JP2638001B2 - Angle Beam Ultrasonic Testing and Probes - Google Patents

Description

Description: BACKGROUND OF THE INVENTION 1. Field of the Invention The present invention relates to a technique for performing flaw detection on a metal tube or the like using an oblique ultrasonic flaw detector.

[Prior Art] For example, as shown in FIG. 5, a shear wave oblique flaw detection method is used for ultrasonic flaw detection of a steel pipe (seamless pipe, welded pipe). In FIG. 5, 1 is a steel pipe, 2 is an external flaw, 3 is an internal flaw, and 4 is a shear wave oblique probe. FIG. 3 is a diagram in which the outer surface flaw 2 is detected by the shear wave oblique probe 4 by one skip and the inner surface flaw 3 by 0.5 skip. However, steel pipes of high alloy steel such as austenitic stainless steel and duplex stainless steel (welded parts in welded pipes) have relatively large crystal grains and a solidification structure, so that ultrasonic waves are strongly attenuated and crystal grain boundaries S / N ratio deteriorates due to forest-like echo (noise) reflected from. Further, in the welded portion, a bending phenomenon of ultrasonic waves due to acoustic anisotropy occurs, and a pseudo defect is detected. Therefore, the shear wave oblique flaw detection method cannot be used for these materials for the external flaw 2 having a long beam path. For such a material, a method has been developed in which the inner surface flaw 3 is inspected by a shear wave oblique flaw detection method, and the outer surface flaw 2 is inspected by a creeping wave. [Japanese Patent Application No. 62-216702 (JP-A-1-59152)].
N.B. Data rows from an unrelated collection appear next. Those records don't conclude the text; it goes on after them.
lemma unit_X: "s \<in> I \<Longrightarrow> g (\<gamma> s) (X s) (X s) = 1"
  using xi_unit curve_in_U by blast

lemma covD_X:
  assumes s: "s \<in> I"
  shows "covD g \<gamma> X s = f (\<gamma> s) *\<^sub>R T s"
proof -
  have p: "\<gamma> s \<in> U" using curve_in_U[OF s] .
  have "(X has_derivative (\<lambda>h. frechet_derivative \<xi> (at (\<gamma> s)) (h *\<^sub>R T s))) (at s)"
    using diff_chain_at[OF curve_has_derivative[OF s] xi_has_derivative[OF p]] by (simp add: o_def)
  then have "vector_derivative X (at s) = frechet_derivative \<xi> (at (\<gamma> s)) (T s)"
    using has_derivative_linear[OF xi_has_derivative[OF p]]
    by (intro vector_derivative_at) (simp add: has_vector_derivative_def linear_scale)
  then have "covD g \<gamma> X s = cov_deriv g \<xi> (\<gamma> s) (T s)"
    unfolding covD_def cov_deriv_def by simp
  then show ?thesis
    using legendre[OF s] by (simp add: cov_deriv_xi[OF p])
qed

lemma constant_along:
  assumes h: "C_inf_on U h" and dh: "\<And>p v. p \<in> U \<Longrightarrow> frechet_derivative h (at p) v = a p * \<eta> p v"
  shows "\<exists>c. \<forall>s\<in>I. h (\<gamma> s) = c"
proof -
  have "((\<lambda>s. h (\<gamma> s)) has_real_derivative 0) (at s within I)" if s: "s \<in> I" for s
  proof -
    have p: "\<gamma> s \<in> U" using curve_in_U[OF s] .
    have "((\<lambda>s. h (\<gamma> s)) has_derivative (\<lambda>t. frechet_derivative h (at (\<gamma> s)) (t *\<^sub>R T s))) (at s)"
      using diff_chain_at[OF curve_has_derivative[OF s] C_inf_on_has_derivative[OF h p]]
        by (simp add: o_def)
    moreover have "(*) (0::real) = (\<lambda>t. 0)"
      by auto
    ultimately show ?thesis
      using legendre[OF s] dh[OF p]
      by (simp add: metric_simps[OF p] has_field_derivative_def has_derivative_at_withinI)
  qed
  then show ?thesis
    using has_field_derivative_zero_constant[OF is_interval_convex[OF interval]] by blast
qed

lemma f_constant_along: "\<exists>c. \<forall>s\<in>I. f (\<gamma> s) = c"
  using constant_along[OF f_smooth frechet_derivative_f] .

lemma df_xi_constant_along: "\<exists>m. \<forall>s\<in>I. df_xi (\<gamma> s) = m"
  using constant_along[OF df_xi_C_inf frechet_derivative_df_xi] .

text \<open>\<open>X\<close> is a unit normal of the curve, so \<open>X = \<alpha> N + \<beta> B\<close>. Rotating \<open>(N, B)\<close> by this angle
  gives the orthonormal frame \<open>(T, E, X)\<close>, in which \<open>T\<close> has curvature \<open>\<kappa> 0 = k1 \<beta>\<close> along \<open>E\<close>;
  \<open>\<kappa> n\<close> is its \<open>n\<close>-th derivative.\<close>
definition \<alpha> :: "real \<Rightarrow> real" where
  "\<alpha> s = g (\<gamma> s) (N s) (X s)"

definition \<beta> :: "real \<Rightarrow> real" where
  "\<beta> s = g (\<gamma> s) (B s) (X s)"

definition \<kappa> :: "nat \<Rightarrow> real \<Rightarrow> real" where
  "\<kappa> n = (deriv ^^ n) (\<lambda>s. k1 s * \<beta> s)"

definition E :: "real \<Rightarrow> pt" where
  "E s = \<beta> s *\<^sub>R N s - \<alpha> s *\<^sub>R B s"

lemma X_frame_expansion:
  assumes s: "s \<in> I"
  shows "X s = \<alpha> s *\<^sub>R N s + \<beta> s *\<^sub>R B s" and "(\<alpha> s)^2 + (\<beta> s)^2 = 1"
proof -
  have p: "\<gamma> s \<in> U" using curve_in_U[OF s] .
  have "X s = g (\<gamma> s) (X s) (T s) *\<^sub>R T s + g (\<gamma> s) (X s) (N s) *\<^sub>R N s + g (\<gamma> s) (X s) (B s) *\<^sub>R B s"
    using s by (intro metric_orthonormal_expansion[OF p] unit_T unit_N unit_B T_N T_B N_B)
  then show X: "X s = \<alpha> s *\<^sub>R N s + \<beta> s *\<^sub>R B s"
    using legendre[OF s] by (simp add: \<alpha>_def \<beta>_def metric_sym[OF p, of "X s"])
  have "1 = g (\<gamma> s) (\<alpha> s *\<^sub>R N s + \<beta> s *\<^sub>R B s) (\<alpha> s *\<^sub>R N s + \<beta> s *\<^sub>R B s)"
    using unit_X[OF s] X by simp
  also have "\<dots> = (\<alpha> s)^2 + (\<beta> s)^2"
    using unit_N[OF s] unit_B[OF s] N_B[OF s] metric_sym[OF p, of "B s" "N s"]
    by (simp add: metric_simps[OF p] power2_eq_square algebra_simps)
  finally show "(\<alpha> s)^2 + (\<beta> s)^2 = 1" by simp
qed

lemma k1_smooth: "C_inf_on I k1"
proof (rule C_inf_on_cong[OF open_I
    C_inf_on_metric_along[OF vf_smooth_covD[OF velocity_smooth] N_smooth]])
  show "\<forall>s\<in>I. k1 s = g (\<gamma> s) (covD g \<gamma> T s) (N s)"
    using unit_N frenet_T curve_in_U by (simp add: metric_simps)
qed

lemma \<alpha>_smooth: "C_inf_on I \<alpha>"
  unfolding \<alpha>_def by (rule C_inf_on_metric_along[OF N_smooth X_smooth])

lemma \<beta>_smooth: "C_inf_on I \<beta>"
  unfolding \<beta>_def by (rule C_inf_on_metric_along[OF B_smooth X_smooth])

lemma \<kappa>_smooth: "C_inf_on I (\<kappa> n)"
  by (induction n) (simp_all add: \<kappa>_def
      C_inf_on_mult[OF open_I k1_smooth \<beta>_smooth] C_inf_on_deriv[OF open_I])

lemma \<kappa>_has_real_derivative: "s \<in> I \<Longrightarrow> (\<kappa> n has_real_derivative \<kappa> (Suc n) s) (at s)"
  using C_inf_on_has_real_derivative[OF \<kappa>_smooth] by (simp add: \<kappa>_def)

lemma E_smooth: "vf_smooth I E"
  unfolding E_def diff_conv_add_uminus scaleR_minus_left[symmetric]
  by (intro vf_smooth_add[OF open_I] vf_smooth_scaleR[OF open_I] \<alpha>_smooth \<beta>_smooth N_smooth B_smooth
      C_inf_on_minus[OF open_I])

lemma metric_frame_T:
  assumes s: "s \<in> I"
  shows "g (\<gamma> s) (a *\<^sub>R T s + b *\<^sub>R E s + e *\<^sub>R X s) (T s) = a"
proof -
  have p: "\<gamma> s \<in> U" using curve_in_U[OF s] .
  have "g (\<gamma> s) (N s) (T s) = 0" "g (\<gamma> s) (B s) (T s) = 0" "g (\<gamma> s) (X s) (T s) = 0"
    using T_N[OF s] T_B[OF s] legendre[OF s] metric_sym[OF p] by metis+
  then show ?thesis
    using unit_T[OF s] by (simp add: E_def metric_simps[OF p])
qed

lemma metric_frame_X:
  assumes s: "s \<in> I"
  shows "g (\<gamma> s) (a *\<^sub>R T s + b *\<^sub>R E s + e *\<^sub>R X s) (X s) = e"
  using legendre[OF s] unit_X[OF s]
  by (simp add: E_def metric_simps[OF curve_in_U[OF s]] \<alpha>_def[symmetric] \<beta>_def[symmetric] algebra_simps)

text \<open>\<open>c\<close> is the value of \<open>f\<close> along the curve (see \<open>f_constant_along\<close>).\<close>
context
  fixes c :: real
  assumes f_along: "\<And>s. s \<in> I \<Longrightarrow> f (\<gamma> s) = c"
begin

lemma covD_X_along: "s \<in> I \<Longrightarrow> covD g \<gamma> X s = c *\<^sub>R T s"
  using covD_X f_along by simp

lemma k1_\<alpha>:
  assumes s: "s \<in> I"
  shows "k1 s * \<alpha> s + c = 0"
proof -
  have "g (\<gamma> s) (covD g \<gamma> T s) (X s) + g (\<gamma> s) (T s) (covD g \<gamma> X s) = 0"
    using metric_covD_has_real_derivative[OF velocity_smooth X_smooth s]
    by (rule has_real_derivative_zero_on_open[OF open_I s legendre, rotated])
  then show ?thesis
    using unit_T[OF s]
    by (simp add: frenet_T[OF s] covD_X_along[OF s] \<alpha>_def metric_simps[OF curve_in_U[OF s]])
qed

lemma \<alpha>_has_real_derivative:
  assumes s: "s \<in> I"
  shows "(\<alpha> has_real_derivative k2 s * \<beta> s) (at s)"
proof -
  have p: "\<gamma> s \<in> U" using curve_in_U[OF s] .
  have "g (\<gamma> s) (N s) (T s) = 0"
    using T_N[OF s] metric_sym[OF p] by metis
  then show ?thesis
    using metric_covD_has_real_derivative[OF N_smooth X_smooth s] legendre[OF s]
    by (simp add: \<alpha>_def[abs_def] \<beta>_def frenet_N[OF s] covD_X_along[OF s] metric_simps[OF p])
qed

lemma \<beta>_has_real_derivative:
  assumes s: "s \<in> I"
  shows "(\<beta> has_real_derivative - k2 s * \<alpha> s) (at s)"
proof -
  have p: "\<gamma> s \<in> U" using curve_in_U[OF s] .
  have "g (\<gamma> s) (B s) (T s) = 0"
    using T_B[OF s] metric_sym[OF p] by metis
  then show ?thesis
    using metric_covD_has_real_derivative[OF B_smooth X_smooth s]
    by (simp add: \<beta>_def[abs_def] \<alpha>_def frenet_B[OF s] covD_X_along[OF s] metric_simps[OF p])
qed

lemma covD_T_frame:
  assumes s: "s \<in> I"
  shows "covD g \<gamma> T s = \<kappa> 0 s *\<^sub>R E s - c *\<^sub>R X s"
proof -
  have "k1 s *\<^sub>R N s = (k1 s * ((\<alpha> s)^2 + (\<beta> s)^2)) *\<^sub>R N s"
    using X_frame_expansion(2)[OF s] by simp
  also have "\<dots> = (k1 s * \<beta> s) *\<^sub>R E s + (k1 s * \<alpha> s) *\<^sub>R (\<alpha> s *\<^sub>R N s + \<beta> s *\<^sub>R B s)"
    by (simp add: E_def algebra_simps power2_eq_square)
  finally show ?thesis
    using k1_\<alpha>[OF s] X_frame_expansion(1)[OF s]
    by (simp add: frenet_T[OF s] \<kappa>_def eq_neg_iff_add_eq_0[symmetric] algebra_simps)
qed

lemma covD_E:
  assumes s: "s \<in> I"
  shows "covD g \<gamma> E s = - \<kappa> 0 s *\<^sub>R T s"
proof -
  have dN: "N differentiable (at s)" and dB: "B differentiable (at s)"
    using vf_smooth_differentiable N_smooth B_smooth s by blast+
  have "\<beta> differentiable (at s)" "(\<lambda>s. - \<alpha> s) differentiable (at s)"
    using \<beta>_has_real_derivative[OF s] DERIV_minus[OF \<alpha>_has_real_derivative[OF s]]
    unfolding real_differentiable_def by blast+
  note d\<beta> = differentiable_scaleR[OF this(1) dN] and d\<alpha> = differentiable_scaleR[OF this(2) dB]
  have "covD g \<gamma> E s = covD g \<gamma> (\<lambda>s. \<beta> s *\<^sub>R N s + (- \<alpha> s) *\<^sub>R B s) s"
    by (simp add: E_def[abs_def])
  also have "\<dots> = covD g \<gamma> (\<lambda>s. \<beta> s *\<^sub>R N s) s + covD g \<gamma> (\<lambda>s. (- \<alpha> s) *\<^sub>R B s) s"
    by (rule covD_add[OF d\<beta> d\<alpha> s])
  also have "\<dots> = - \<kappa> 0 s *\<^sub>R T s"
    unfolding covD_scaleR[OF \<beta>_has_real_derivative[OF s] dN s]
      covD_scaleR[OF DERIV_minus[OF \<alpha>_has_real_derivative[OF s]] dB s]
    by (simp add: frenet_N[OF s] frenet_B[OF s] \<kappa>_def algebra_simps)
  finally show ?thesis .
qed

lemma \<kappa>1_\<alpha>:
  assumes s: "s \<in> I"
  shows "\<kappa> 1 s * \<alpha> s = - k1 s * k2 s"
proof -
  have dk1: "(k1 has_real_derivative deriv k1 s) (at s)"
    by (rule C_inf_on_has_real_derivative[OF k1_smooth s])
  have "((\<lambda>s. k1 s * \<alpha> s + c) has_real_derivative deriv k1 s * \<alpha> s + k1 s * (k2 s * \<beta> s)) (at s)"
    by (auto intro!: derivative_eq_intros dk1 \<alpha>_has_real_derivative[OF s])
  then have "deriv k1 s * \<alpha> s + k1 s * (k2 s * \<beta> s) = 0"
    by (rule has_real_derivative_zero_on_open[OF open_I s, rotated]) (rule k1_\<alpha>)
  then have k1': "deriv k1 s * \<alpha> s = - k1 s * k2 s * \<beta> s"
    by simp
  have "(\<kappa> 0 has_real_derivative deriv k1 s * \<beta> s + k1 s * (- k2 s * \<alpha> s)) (at s)"
    unfolding \<kappa>_def by (auto intro!: derivative_eq_intros dk1 \<beta>_has_real_derivative[OF s])
  then have \<kappa>1: "\<kappa> 1 s = deriv k1 s * \<beta> s - k1 s * k2 s * \<alpha> s"
    using DERIV_unique \<kappa>_has_real_derivative[OF s, of 0] by fastforce
  have "\<kappa> 1 s * \<alpha> s = (deriv k1 s * \<alpha> s) * \<beta> s - k1 s * k2 s * (\<alpha> s)^2"
    unfolding \<kappa>1 by (simp add: algebra_simps power2_eq_square)
  also have "\<dots> = - k1 s * k2 s * ((\<alpha> s)^2 + (\<beta> s)^2)"
    unfolding k1' by (simp add: algebra_simps power2_eq_square)
  finally show ?thesis
    using X_frame_expansion(2)[OF s] by simp
qed

lemma \<kappa>1_nonzero: "s \<in> I \<Longrightarrow> \<kappa> 1 s \<noteq> 0"
  using \<kappa>1_\<alpha> k1_pos k2_pos by force

lemma c_nonzero: "c \<noteq> 0"
  using \<kappa>1_\<alpha> k1_\<alpha> k1_pos k2_pos nonempty by force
FIG. 6 shows a creep wave probe 14 for creeping the outer surface scratch 2 of the steel pipe 1.
This is an example in which the inner surface flaw 3 is detected by the shear wave oblique angle probe 4. The creeping wave flaw detection method using the creeping wave probe 14 is performed by injecting ultrasonic waves at a critical angle of a longitudinal wave (27.5 ° in the case of steel) to a measuring object and generating a creeping wave on the surface of the measuring object. Will be At this time, since a transverse wave is generated at the same time, in order to avoid the influence, a two-vibrator oblique angle probe is used as a creeping wave probe used for creeping wave detection. FIG. 7 is a view showing the structure of the creeping wave probe 14. The transmitting vibrator 21 and the receiving vibrator 22 are arranged with the acoustic division surface 20 interposed therebetween.

In an actual automatic flaw detection line, a water immersion method in which a material to be flawed is immersed in water to perform flaw detection, and a water gap method in which water is interposed between the material to be flawed and the probe are used. FIG. 9 shows a conceptual diagram of the automatic creeping wave flaw detection method using the water gap method. The creeping wave probe 14 is held in a probe holder 15, and couplant water 16 is interposed between the steel pipe 1 and the creeping wave probe 14. FIG. 10 shows a flaw detection waveform when flaw detection is performed by this flaw detection method. Transmission pulse 31 is the transmission oscillator
21 is a pulse that appears when an ultrasonic wave is transmitted. The defect echo 32 is an echo by an ultrasonic wave reflected by the flaw and received by the receiving transducer 22. Due to changes in the probe distance,
Even for the same scratch, the echo height changes like the defect echo 32a and the defect echo 32b.

On the other hand, in general, a flaw detection gate 33 is provided to distinguish the defect echo 32 from the transmission pulse 31 and other pulses generated from sources other than the flaw, and only the pulse within this gate is detected as a defect echo. Starting point of this flaw detection gate
Conventionally, the point of ultrasound transmission as a reference point to determine 34,
That is, the rising edge of the transmission pulse (trigger pulse) 31 in FIG. 4 was used. Further, as a method of compensating for the fluctuation of the echo height due to the distance amplitude characteristic, a distance amplitude correction (DAC) has conventionally been used. This is achieved by changing the gain of the flaw detector according to the flaw detection distance from a certain reference point to the flaw (time from the reference point to the flaw echo in the flaw detection method) as shown in FIG. 4 (c), for example. This is a method of compensating for a change in echo height due to the distance amplitude characteristic. In the generally used shear wave oblique flaw detection method, the rising point of a transmission pulse (trigger pulse) is used as the reference point, similarly to the reference point of the flaw detection gate starting point 34.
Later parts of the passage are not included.